Dracula

Dracula

24 • 440 pages

Ratings1,159

Average rating3.9

15

This was the best book by far that we've read for my Gothic Literature class. (Considering that some of the others we read included Narrative of Arthur Gordon Pym of Nantucket and Edgar Huntly: Memoirs of a Sleepwalker, however, that is not terribly hard to accomplish.)

For only the second time among all the novels we read for the class, a female took on a narrative role–a refreshing change for which I was very appreciative, although the novel should not necessarily be categorized as a feminist work. Stoker's prose is haunting and entertaining, and although many people dislike epistolary novels, I found the format engaging and, considering all of the perspectives that Stoker chose to include, appropriate. Stoker's best scenes are those charged with gristle and sexuality–most often both at the same time–and this is the first book in a long time that has made me look over my shoulder as I walk back to my dorm room from the library at night.

Stoker channels the issues of his time–specifically a fear among the British white male upper-class of the invasion of “foreigners” and the empowerment and sexuality of women–fears that upper-class white conservative men in most developed countries seem to still have today, unfortunately. Dracula is the realization of the possible consequences (as Stoker sees it) of these issues coming to fruition. The foreigner will come to your lands, seduce your women, infiltrate your populace and become one of you! Your women will find themselves in a position of autonomy and turn on you, leaving you helpless to combat their immoral and wanton charms! Ah, yes. How current, no?

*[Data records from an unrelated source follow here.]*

lemma has_real_derivative_besselK:
  assumes "0 < x"
  shows "(besselK n has_real_derivative
    - integral {0..} (\<lambda>t. cosh t * cosh (of_int n * t) * exp (- x * cosh t))) (at x)"
proof -
  let ?F = "\<lambda>y t. exp (- y * cosh t) * cosh (of_int n * t)"
  let ?G = "\<lambda>t. - (cosh t * cosh (of_int n * t) * exp (- x * cosh t))"
  let ?B = "\<lambda>t. cosh t ^ 2 * cosh (of_int n * t) * exp (- (x / 2) * cosh t) / 2"
  have "((\<lambda>y. integral {0..} (?F y)) has_real_derivative integral {0..} ?G) (at x)"
  proof (rule has_real_derivative_integral_param[where \<delta> = "x / 2"])
    show "?F y integrable_on {0..}" if "\<bar>y - x\<bar> < x / 2" for y
    proof -
      have "0 < y"
        using that by linarith
      then show ?thesis
        using integrable_besselK_integrand[of y 0 n] by (simp add: mult.commute)
    qed
    show "?G integrable_on {0..}" "?B integrable_on {0..}"
      using integrable_besselK_integrand[of x 1 n] integrable_besselK_integrand[of "x / 2" 2 n] assms
      by (auto intro: integrable_neg integrable_on_divide)
    show "\<bar>?F y t - ?F x t - (y - x) * ?G t\<bar> \<le> (y - x)\<^sup>2 * ?B t"
      if "\<bar>y - x\<bar> < x / 2" for y t
    proof -
      have "?F y t - ?F x t - (y - x) * ?G t = cosh (of_int n * t) *
          (exp (- (x + (y - x)) * cosh t) - exp (- x * cosh t) + (y - x) * cosh t * exp (- x * cosh t))"
        by (simp add: algebra_simps)
      then have "\<bar>?F y t - ?F x t - (y - x) * ?G t\<bar> = cosh (of_int n * t) *
          \<bar>exp (- (x + (y - x)) * cosh t) - exp (- x * cosh t) + (y - x) * cosh t * exp (- x * cosh t)\<bar>"
        by (simp add: abs_mult)
      also have "\<dots> \<le> cosh (of_int n * t) * ((y - x)\<^sup>2 / 2 * (cosh t)\<^sup>2 * exp (- (x / 2) * cosh t))"
        using that by (intro mult_left_mono exp_mult_second_order_bound) auto
      finally show ?thesis by (simp add: algebra_simps)
    qed
  qed (use assms in simp)
  then show ?thesis
    by (simp add: besselK_def[abs_def])
qed

lemma has_real_derivative_deriv_besselK:
  "0 < x \<Longrightarrow> (besselK n has_real_derivative deriv (besselK n) x) (at x)"
  using DERIV_imp_deriv[OF has_real_derivative_besselK] has_real_derivative_besselK by simp

lemma besselK_nonneg: "0 < x \<Longrightarrow> 0 \<le> besselK n x"
  using integrable_besselK_integrand[of x 0 n] unfolding besselK_def
  by (intro integral_nonneg) (auto simp: mult.commute)

lemma deriv_besselK_neg:
  assumes "0 < x"
  shows "deriv (besselK n) x < 0"
proof -
  define G where "G = (\<lambda>t. cosh t * cosh (of_int n * t) * exp (- x * cosh t))"
  have G_ge: "exp (- x * cosh 1) \<le> G t" if "t \<in> {0..1}" for t
  proof -
    have "exp (- x * cosh 1) \<le> exp (- x * cosh t)"
      using that assms by (simp add: cosh_real_nonneg_le_iff)
    moreover have "1 * 1 \<le> cosh t * cosh (of_int n * t)"
      by (intro mult_mono cosh_real_ge_1) auto
    ultimately have "exp (- x * cosh 1) * 1 \<le> exp (- x * cosh t) * (cosh t * cosh (of_int n * t))"
      by (intro mult_mono) auto
    then show ?thesis
      by (simp add: G_def mult_ac)
  qed
  have G_int: "G integrable_on {0..1}"
    unfolding G_def by (intro integrable_continuous_interval continuous_intros)
  have "0 < exp (- x * cosh 1)"
    by simp
  also have "\<dots> = integral {0..1} (\<lambda>t::real. exp (- x * cosh 1))"
    by simp
  also have "\<dots> \<le> integral {0..1} G"
    using G_int G_ge by (intro integral_le) auto
  also have "\<dots> \<le> integral {0..} G"
    using G_int integrable_besselK_integrand[OF assms, of 1 n]
    by (intro integral_subset_le) (auto simp: G_def)
  finally show ?thesis
    using DERIV_imp_deriv[OF has_real_derivative_besselK[OF assms]] by (simp add: G_def)
qed

definition besselI_coeff :: "nat \<Rightarrow> nat \<Rightarrow> real" where
  "besselI_coeff m k = 1 / (fact k * fact (k + m))"

definition besselI_series :: "nat \<Rightarrow> real \<Rightarrow> real" where
  "besselI_series m y = (\<Sum>k. besselI_coeff m k * y ^ k)"

lemma besselI_coeff_pos: "0 < besselI_coeff m k"
  by (simp add: besselI_coeff_def)

lemma summable_besselI_series: "summable (\<lambda>k. besselI_coeff m k * y ^ k)"
proof (rule summable_comparison_test'[OF summable_exp[of "\<bar>y\<bar>"]])
  fix k
  have "besselI_coeff m k \<le> inverse (fact k)"
    by (simp add: besselI_coeff_def divide_simps)
  then show "norm (besselI_coeff m k * y ^ k) \<le> inverse (fact k) * \<bar>y\<bar> ^ k"
    using besselI_coeff_pos[of m k] by (simp add: abs_mult power_abs mult_right_mono)
qed

lemma has_real_derivative_besselI_series:
  "(besselI_series m has_real_derivative (\<Sum>k. diffs (besselI_coeff m) k * y ^ k)) (at y)"
  unfolding besselI_series_def[abs_def]
  by (rule termdiffs_strong_converges_everywhere[OF summable_besselI_series])

lemma besselI_series_pos: "0 \<le> y \<Longrightarrow> 0 < besselI_series m y"
  unfolding besselI_series_def
  by (rule suminf_pos2[OF summable_besselI_series, of _ _ 0])
    (auto intro: mult_nonneg_nonneg less_imp_le[OF besselI_coeff_pos] besselI_coeff_pos)

lemma deriv_besselI_series_nonneg: "0 \<le> y \<Longrightarrow> 0 \<le> deriv (besselI_series m) y"
  unfolding DERIV_imp_deriv[OF has_real_derivative_besselI_series]
  by (rule suminf_nonneg[OF termdiff_converges_all[OF summable_besselI_series]])
    (auto simp: diffs_def intro!: mult_nonneg_nonneg less_imp_le[OF besselI_coeff_pos])

lemma besselI_eq_series: "besselI n x = (x / 2) ^ nat \<bar>n\<bar> * besselI_series (nat \<bar>n\<bar>) ((x / 2)\<^sup>2)"
proof -
  define m where "m = nat \<bar>n\<bar>"
  have "besselI n x = (\<Sum>k. (x / 2) ^ m * (besselI_coeff m k * ((x / 2)\<^sup>2) ^ k))"
    unfolding besselI_def m_def[symmetric]
    by (intro suminf_cong) (simp add: besselI_coeff_def power_add power_mult[symmetric] mult.commute)
  also have "\<dots> = (x / 2) ^ m * besselI_series m ((x / 2)\<^sup>2)"
    unfolding besselI_series_def by (rule suminf_mult[OF summable_besselI_series])
  finally show ?thesis
    by (simp add: m_def)
qed

lemma besselI_pos: "0 < x \<Longrightarrow> 0 < besselI n x"
  unfolding besselI_eq_series by (intro mult_pos_pos besselI_series_pos) auto

lemma has_real_derivative_besselI:
  fixes n :: int
  defines "m \<equiv> nat \<bar>n\<bar>"
  shows "(besselI n has_real_derivative
    real m * (x / 2) ^ (m - 1) / 2 * besselI_series m ((x / 2)\<^sup>2)
    + (x / 2) ^ m * deriv (besselI_series m) ((x / 2)\<^sup>2) * (x / 2)) (at x)"
proof -
  have eq: "besselI n = (\<lambda>x. (x / 2) ^ m * besselI_series m ((x / 2)\<^sup>2))"
    using besselI_eq_series m_def by auto
  have "((\<lambda>x. (x / 2)\<^sup>2) has_real_derivative x / 2) (at x)"
    by (rule derivative_eq_intros refl | simp)+
  then have series: "((\<lambda>x. besselI_series m ((x / 2)\<^sup>2)) has_real_derivative
      deriv (besselI_series m) ((x / 2)\<^sup>2) * (x / 2)) (at x)"
    unfolding DERIV_imp_deriv[OF has_real_derivative_besselI_series]
    by (rule DERIV_chain2[OF has_real_derivative_besselI_series])
  have power: "((\<lambda>x. (x / 2) ^ m) has_real_derivative real m * (x / 2) ^ (m - 1) / 2) (at x)"
    by (rule derivative_eq_intros refl | simp)+
  show ?thesis
    unfolding eq by (rule DERIV_cong[OF DERIV_mult[OF power series]]) (simp add: algebra_simps)
qed

lemma has_real_derivative_deriv_besselI: "(besselI n has_real_derivative deriv (besselI n) x) (at x)"
  using has_real_derivative_besselI DERIV_imp_deriv by metis

lemma deriv_besselI_nonneg: "0 \<le> x \<Longrightarrow> 0 \<le> deriv (besselI n) x"
  unfolding DERIV_imp_deriv[OF has_real_derivative_besselI]
  by (intro add_nonneg_nonneg mult_nonneg_nonneg besselI_series_pos[THEN less_imp_le]
      deriv_besselI_series_nonneg) auto

lemma besselD10_eq:
  "0 < x \<Longrightarrow> besselD10 n x y = deriv (besselI n) x * besselK n y - deriv (besselK n) x * besselI n y"
  unfolding besselD10_def besselD_def
  by (rule DERIV_imp_deriv)
    (rule derivative_eq_intros has_real_derivative_deriv_besselI has_real_derivative_deriv_besselK refl
      | assumption | simp)+

lemma besselD01_eq:
  "0 < y \<Longrightarrow> besselD01 n x y = besselI n x * deriv (besselK n) y - besselK n x * deriv (besselI n) y"
  unfolding besselD01_def besselD_def
  by (rule DERIV_imp_deriv)
    (rule derivative_eq_intros has_real_derivative_deriv_besselI has_real_derivative_deriv_besselK refl
      | assumption | simp)+

lemma besselD11_eq:
  assumes "0 < x" and "0 < y"
  shows "besselD11 n x y =
    deriv (besselI n) x * deriv (besselK n) y - deriv (besselK n) x * deriv (besselI n) y"
proof -
  have "(\<lambda>s. deriv (besselD n s) y) =
      (\<lambda>s. besselI n s * deriv (besselK n) y - besselK n s * deriv (besselI n) y)"
    using besselD01_eq[OF \<open>0 < y\<close>] by (auto simp: besselD01_def)
  then show ?thesis
    unfolding besselD11_def
    by (simp, intro DERIV_imp_deriv)
      (rule derivative_eq_intros has_real_derivative_deriv_besselI has_real_derivative_deriv_besselK
        \<open>0 < x\<close> refl | simp)+
qed

(* (I_n(rho / sqrt sigma), sigma I_n'(rho / sqrt sigma)) are the Cauchy data the core imposes at
   r = rho; these are their Wronskians with I_n and K_n. *)
definition core_wronskian_I :: "real \<Rightarrow> real \<Rightarrow> int \<Rightarrow> real" where
  "core_wronskian_I \<sigma> \<rho> n =
     besselI n (\<rho> / sqrt \<sigma>) * deriv (besselI n) \<rho>
     - \<sigma> * deriv (besselI n) (\<rho> / sqrt \<sigma>) * besselI n \<rho>"

definition core_wronskian_K :: "real \<Rightarrow> real \<Rightarrow> int \<Rightarrow> real" where
  "core_wronskian_K \<sigma> \<rho> n =
     besselI n (\<rho> / sqrt \<sigma>) * deriv (besselK n) \<rho>
     - \<sigma> * deriv (besselI n) (\<rho> / sqrt \<sigma>) * besselK n \<rho>"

Unfortunately for the liberal reader, there is no redemption for the empowered women or the foreigner: they are evils that are vanquished. After the assembly of an Avengers-like team of heroes who band together to overcome evil, Dracula is killed (although ambiguously) and Mina returns to the servile, pure state she occupied before vampiric/evil tendencies took hold, and balance is restored to the main characters' homelands. It is still a satisfying story, in the most basic sense: the ending is complete, the loose ends tied, the protagonists have triumphed after many trials, overcoming a clear-cut evil. The home team wins.

One thing I was interested by was the use of religion in the text. In most Gothic texts, religion is at best a vehicle of corruption and at worst a direct cause of it. (The Monk, anyone?) In Dracula, religion–specifically the oft-maligned-at-the-time-in-Protestant-England Catholicism–is the vehicle for vanquishing evil. It is a return to traditional Christianity that allows the dream team to vanquish their new and foreign enemy. And while as a Catholic I resent the alignment of Catholicism with the goals of destroying foreigners and suppressing women, it was refreshing to see it used as a weapon of good in a Gothic text. (See? I am all confused about it. Damn Gothic texts.)

Anyway, Dracula is a classic, and unlike many books, it is just as easily enjoyed as a casual or a close reader. Read it because you want to be cool enough to have read Dracula, but also read it because it is a wildly entertaining and thought-provoking read. I guarantee that it will be nothing like you thought it would be.